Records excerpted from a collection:
lemma Cov_Int:
  assumes site: "is_site C" and X: "X \<in> Ob C" and S1: "S1 \<in> Cov C X" and S2: "S2 \<in> Cov C X"
  shows "S1 \<inter> S2 \<in> Cov C X"
proof (rule site_Cov_transitive[OF site X S1])
  note sv1 = is_sieveD[OF site_Cov_is_sieve[OF site X S1]]
    and sv2 = is_sieveD[OF site_Cov_is_sieve[OF site X S2]]
  show "is_sieve C X (S1 \<inter> S2)" by (rule is_sieveI) (use sv1 sv2 in blast)+
  fix Y f assume YS: "(Y, f) \<in> S1"
  then have "pb_sieve C (S1 \<inter> S2) Y f = pb_sieve C S2 Y f"
    unfolding pb_sieve_def using sv1(3) by auto
  then show "pb_sieve C (S1 \<inter> S2) Y f \<in> Cov C Y"
    using site_pb_sieve_in_Cov[OF site X _ S2] sv1(1,2)[OF YS] by simp
qed

lemma locally_conjI:
  assumes "is_site C" "X \<in> Ob C" "locally C X Q1" "locally C X Q2"
  shows "locally C X (\<lambda>Y f. Q1 Y f \<and> Q2 Y f)"
proof -
  have "{(Y, f). Y \<in> Ob C \<and> f \<in> Hom C Y X \<and> Q1 Y f \<and> Q2 Y f} =
     {(Y, f). Y \<in> Ob C \<and> f \<in> Hom C Y X \<and> Q1 Y f} \<inter> {(Y, f). Y \<in> Ob C \<and> f \<in> Hom C Y X \<and> Q2 Y f}"
    by blast
  then show ?thesis using assms Cov_Int unfolding locally_def by simp
qed

lemma locally_all_lessI:
  fixes m :: nat
  assumes site: "is_site C" and X: "X \<in> Ob C" and "\<And>i. i < m \<Longrightarrow> locally C X (Q i)"
  shows "locally C X (\<lambda>Y f. \<forall>i<m. Q i Y f)"
  using assms(3)
proof (induction m)
  case 0
  have "{(Y, f). Y \<in> Ob C \<and> f \<in> Hom C Y X \<and> (\<forall>i<0::nat. Q i Y f)} = max_sieve C X"
    unfolding max_sieve_def by auto
  then show ?case using site_max_sieve_in_Cov[OF site X] unfolding locally_def by simp
next
  case (Suc m)
  have "locally C X (\<lambda>Y f. (\<forall>i<m. Q i Y f) \<and> Q m Y f)"
    using Suc by (intro locally_conjI[OF site X]) auto
  moreover have "(\<lambda>Y f. (\<forall>i<m. Q i Y f) \<and> Q m Y f) = (\<lambda>Y f. \<forall>i<Suc m. Q i Y f)"
    by (auto simp: less_Suc_eq)
  ultimately show ?case by simp
qed

lemma locally_pullback:
  assumes site: "is_site C" and X: "X \<in> Ob C" and Y: "Y \<in> Ob C" and h: "h \<in> Hom C Y X"
    and "locally C X Q"
  shows "locally C Y (\<lambda>Z g. Q Z (cmp C h g))"
proof -
  let ?S = "{(Z, g). Z \<in> Ob C \<and> g \<in> Hom C Z X \<and> Q Z g}"
  have "pb_sieve C ?S Y h = {(Z, g). Z \<in> Ob C \<and> g \<in> Hom C Z Y \<and> Q Z (cmp C h g)}"
    unfolding pb_sieve_def using site_cmp_in_Hom[OF site _ Y X _ h] by auto
  moreover have "pb_sieve C ?S Y h \<in> Cov C Y"
    using site_pb_sieve_in_Cov[OF site X Y _ h] \<open>locally C X Q\<close> unfolding locally_def by blast
  ultimately show ?thesis unfolding locally_def by simp
qed

lemma locally_sieve_is_sieve:
  assumes site: "is_site C" and X: "X \<in> Ob C"
    and closed: "\<And>Y f Z g. Y \<in> Ob C \<Longrightarrow> f \<in> Hom C Y X \<Longrightarrow> Q Y f \<Longrightarrow> Z \<in> Ob C \<Longrightarrow>
      g \<in> Hom C Z Y \<Longrightarrow> Q Z (cmp C f g)"
  shows "is_sieve C X {(Y, f). Y \<in> Ob C \<and> f \<in> Hom C Y X \<and> Q Y f}"
proof (rule is_sieveI)
  fix Y f Z g assume "(Y, f) \<in> {(Y, f). Y \<in> Ob C \<and> f \<in> Hom C Y X \<and> Q Y f}"
    and Z: "Z \<in> Ob C" and g: "g \<in> Hom C Z Y"
  then have Y: "Y \<in> Ob C" and f: "f \<in> Hom C Y X" and "Q Y f" by auto
  then show "(Z, cmp C f g) \<in> {(Y, f). Y \<in> Ob C \<and> f \<in> Hom C Y X \<and> Q Y f}"
    using closed[OF Y f _ Z g] site_cmp_in_Hom[OF site Z Y X g f] Z by blast
qed blast
text \<open>For p = 0 the entries q/p are 0 by division by zero; this is exactly the ratio
  snd v / fst v of the directions (0, \<plusminus>1).\<close>

lemma slope_directions_ratio:
  fixes p q :: nat
  assumes "v \<in> slope_directions (real p / real q)" "1 \<le> q"
  shows "snd v / fst v \<in> {real p / real q, - (real p / real q), real q / real p, - (real q / real p)}"
  using assms(1) by (rule slope_directions_cases) (use assms(2) in auto)

lemma slope_directions_line:
  fixes p q :: nat
  assumes "v \<in> slope_directions (real p / real q)" "1 \<le> q"
  obtains \<epsilon> :: int where "\<epsilon> = 1 \<or> \<epsilon> = -1"
    "real q * snd v = of_int \<epsilon> * real p * fst v \<or> real q * fst v = of_int \<epsilon> * real p * snd v"
proof -
  have q: "real q \<noteq> 0" using assms(2) by simp
  from assms(1) show ?thesis
    by (rule slope_directions_cases) (use that[of 1] that[of "-1"] q in auto)
qed

lemma lattice_ray_avoids_middle_square:
  fixes p q :: nat and g :: pt
  assumes "odd a" "3 \<le> a" "1 \<le> q" "p + q + 2 \<le> a" "odd (p + q)"
    and "v \<in> slope_directions (real p / real q)" "g \<in> lattice (a ^ m) \<times> lattice (a ^ m)" "m \<le> j"
  shows "g + t *\<^sub>R v \<notin> middle_square a j c"
proof -
  obtain \<epsilon> :: int where \<epsilon>: "\<epsilon> = 1 \<or> \<epsilon> = -1"
    "real q * snd v = of_int \<epsilon> * real p * fst v \<or> real q * fst v = of_int \<epsilon> * real p * snd v"
    using slope_directions_line[OF assms(6,3)] by blast
  from \<epsilon>(2) have "real q * (t * snd v) = of_int \<epsilon> * real p * (t * fst v) \<or>
                  real q * (t * fst v) = of_int \<epsilon> * real p * (t * snd v)"
    by (metis mult.left_commute)
  then show ?thesis
    using lattice_line_avoids_middle_square[OF assms(1,2,4,5) \<epsilon>(1) assms(7,8), of "g + t *\<^sub>R v" c]
      lattice_line_avoids_middle_square'[OF assms(1,2,4,5) \<epsilon>(1) assms(7,8), of "g + t *\<^sub>R v" c]
    by auto
qed

section \<open>The billiard on grid lines\<close>

lemma A_set_elim:
  assumes "\<alpha> \<in> A_set (a - 2)" "3 \<le> a"
  obtains p q :: nat where "\<alpha> = real p / real q" "1 \<le> q" "p + q + 2 \<le> a" "odd (p + q)"
proof (cases "a - 2 = 1")
  case True
  then show ?thesis using assms(1) that[of 0 1] unfolding A_set_def by simp
next
  case False
  then obtain p q where "\<alpha> = real p / real q" "p + q \<le> a - 2" "p < q" "odd (p + q)"
    using assms(1) unfolding A_set_def by auto
  then show ?thesis using that[of p q] assms(2) by simp
qed

locale rational_slope_billiard =
  fixes a m p q :: nat
  assumes odd_a: "odd a" and a_ge_3: "3 \<le> a" and q_ge_1: "1 \<le> q" and slope_bound: "p + q + 2 \<le> a"
    and odd_slope: "odd (p + q)"
begin

abbreviation "\<alpha> \<equiv> real p / real q"

lemma one_le_a: "1 \<le> a"
  using a_ge_3 by simp

definition on_grid_line :: "pt \<Rightarrow> pt \<Rightarrow> bool" where
  "on_grid_line x v \<longleftrightarrow> v \<in> slope_directions \<alpha> \<and>
     (\<exists>g \<in> lattice (a ^ m) \<times> lattice (a ^ m). \<exists>t. x = g + t *\<^sub>R v)"

lemma on_grid_line_translate: "on_grid_line x v \<Longrightarrow> on_grid_line (x + s *\<^sub>R v) v"
  unfolding on_grid_line_def by (metis add.assoc scaleR_left_distrib)

lemma on_grid_lineI_lattice:
  "v \<in> slope_directions \<alpha> \<Longrightarrow> x \<in> lattice (a ^ m) \<times> lattice (a ^ m) \<Longrightarrow> on_grid_line x v"
  unfolding on_grid_line_def by (metis add.right_neutral scaleR_zero_left)

lemma swap_on_grid_line: "on_grid_line (prod.swap x) (prod.swap v) \<longleftrightarrow> on_grid_line x v"
proof -
  let ?L = "lattice (a ^ m) \<times> lattice (a ^ m)"
  have "prod.swap x = g + t *\<^sub>R prod.swap v \<longleftrightarrow> x = prod.swap g + t *\<^sub>R v" for g t
    by (cases x, cases g, cases v) auto
  moreover have "prod.swap g \<in> ?L \<longleftrightarrow> g \<in> ?L" for g by (cases g) auto
  ultimately have "(\<exists>g\<in>?L. \<exists>t. prod.swap x = g + t *\<^sub>R prod.swap v) \<longleftrightarrow> (\<exists>g\<in>?L. \<exists>t. x = g + t *\<^sub>R v)"
    by (metis swap_swap)
  then show ?thesis unfolding on_grid_line_def swap_slope_directions by blast
qed

lemma on_grid_line_not_in_middle_square: "on_grid_line x v \<Longrightarrow> m \<le> j \<Longrightarrow> x \<notin> middle_square a j c"
  unfolding on_grid_line_def using lattice_ray_avoids_middle_square[OF odd_a a_ge_3 q_ge_1 slope_bound odd_slope] by blast

lemma on_grid_line_carpet_iff: "on_grid_line x v \<Longrightarrow> m \<le> n \<Longrightarrow> x \<in> carpet a n \<longleftrightarrow> x \<in> carpet a m"
  using carpet_iff_if_avoids_middle_squares[OF odd_a a_ge_3] on_grid_line_not_in_middle_square by blast

lemma on_grid_line_peripheral_corners_iff:
  assumes "on_grid_line x v" "m \<le> n"
  shows "x \<in> peripheral_corners a n \<longleftrightarrow> x \<in> peripheral_corners a m"
proof -
  let ?corners = "\<lambda>j c. {rm_lo a j (fst c), rm_lo a j (fst c) + rm_side a j} \<times>
                           {rm_lo a j (snd c), rm_lo a j (snd c) + rm_side a j}"
  have "x \<notin> ?corners j c" if "m \<le> j" for j c
    using on_grid_line_not_in_middle_square[OF assms(1) that, of c]
    unfolding middle_square_def rm_side_def by auto
  then have low: "j < m" if "x \<in> ?corners j c" for j c
    using that not_le by blast
  show ?thesis
  proof
    assume "x \<in> peripheral_corners a n"
    then obtain j c where "j < n" "c \<in> cells a j" "x \<in> ?corners j c"
      unfolding peripheral_corners_eq by blast
    then show "x \<in> peripheral_corners a m" using low unfolding peripheral_corners_eq by blast
  next
    assume "x \<in> peripheral_corners a m"
    then obtain j c where "j < m" "c \<in> cells a j" "x \<in> ?corners j c"
      unfolding peripheral_corners_eq by blast
    then show "x \<in> peripheral_corners a n" using assms(2) unfolding peripheral_corners_eq by auto
  qed
qed

lemma on_grid_line_vertical_wall_iff:
  assumes "on_grid_line x v" "m \<le> n"
  shows "vertical_wall (carpet a n) x \<longleftrightarrow> vertical_wall (carpet a m) x"
proof -
  define U where "U = (\<Union>j\<in>{m..<n}. \<Union>c\<in>cells a j. middle_square a j c)"
  have "closed U" unfolding U_def
    by (intro closed_UN ballI finite_atLeastLessThan finite_cells[OF one_le_a] closed_middle_square)
  moreover have "x \<notin> U" unfolding U_def using on_grid_line_not_in_middle_square[OF assms(1)] by auto
  moreover have "z \<in> carpet a n \<longleftrightarrow> z \<in> carpet a m" if "z \<notin> U" for z
    using that by (intro carpet_iff_if_avoids_middle_squares[OF odd_a a_ge_3 assms(2)]) (auto simp: U_def)
  then have "carpet a n \<inter> - U = carpet a m \<inter> - U" by blast
  ultimately show ?thesis
    using vertical_wall_open_Int_cong[of "- U" x "carpet a n" "carpet a m"]
      vertical_wall_open_Int_cong[of "- U" x "carpet a m" "carpet a n"] by auto
qed

definition billiard_step :: "nat \<Rightarrow> pt \<times> pt \<Rightarrow> pt \<times> pt" where
  "billiard_step n s = (let (x, v) = s in
      if x \<in> peripheral_corners a n then (x, v)
      else (let y = x + hit_time (carpet a n) (peripheral_corners a n) x v *\<^sub>R v
            in (y, reflect_dir (carpet a n) y v)))"

lemma orbit_seq_Suc: "orbit_seq a n x0 v0 (Suc j) = billiard_step n (orbit_seq a n x0 v0 j)"
  by (simp only: orbit_seq.simps(2) billiard_step_def)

▶ **THE TASK**: Of the lines above, copy each one that contains the word "moreover".

▶ **TASK RESPONSE**:
  moreover have "(\<lambda>Y f. (\<forall>i<m. Q i Y f) \<and> Q m Y f) = (\<lambda>Y f. \<forall>i<Suc m. Q i Y f)"
  moreover have "pb_sieve C ?S Y h \<in> Cov C Y"
  moreover have "prod.swap g \<in> ?L \<longleftrightarrow> g \<in> ?L" for g by (cases g) auto
  moreover have "x \<notin> U" unfolding U_def using on_grid_line_not_in_middle_square[OF assms(1)] by auto
  moreover have "z \<in> carpet a n \<longleftrightarrow> z \<in> carpet a m" if "z \<notin> U" for z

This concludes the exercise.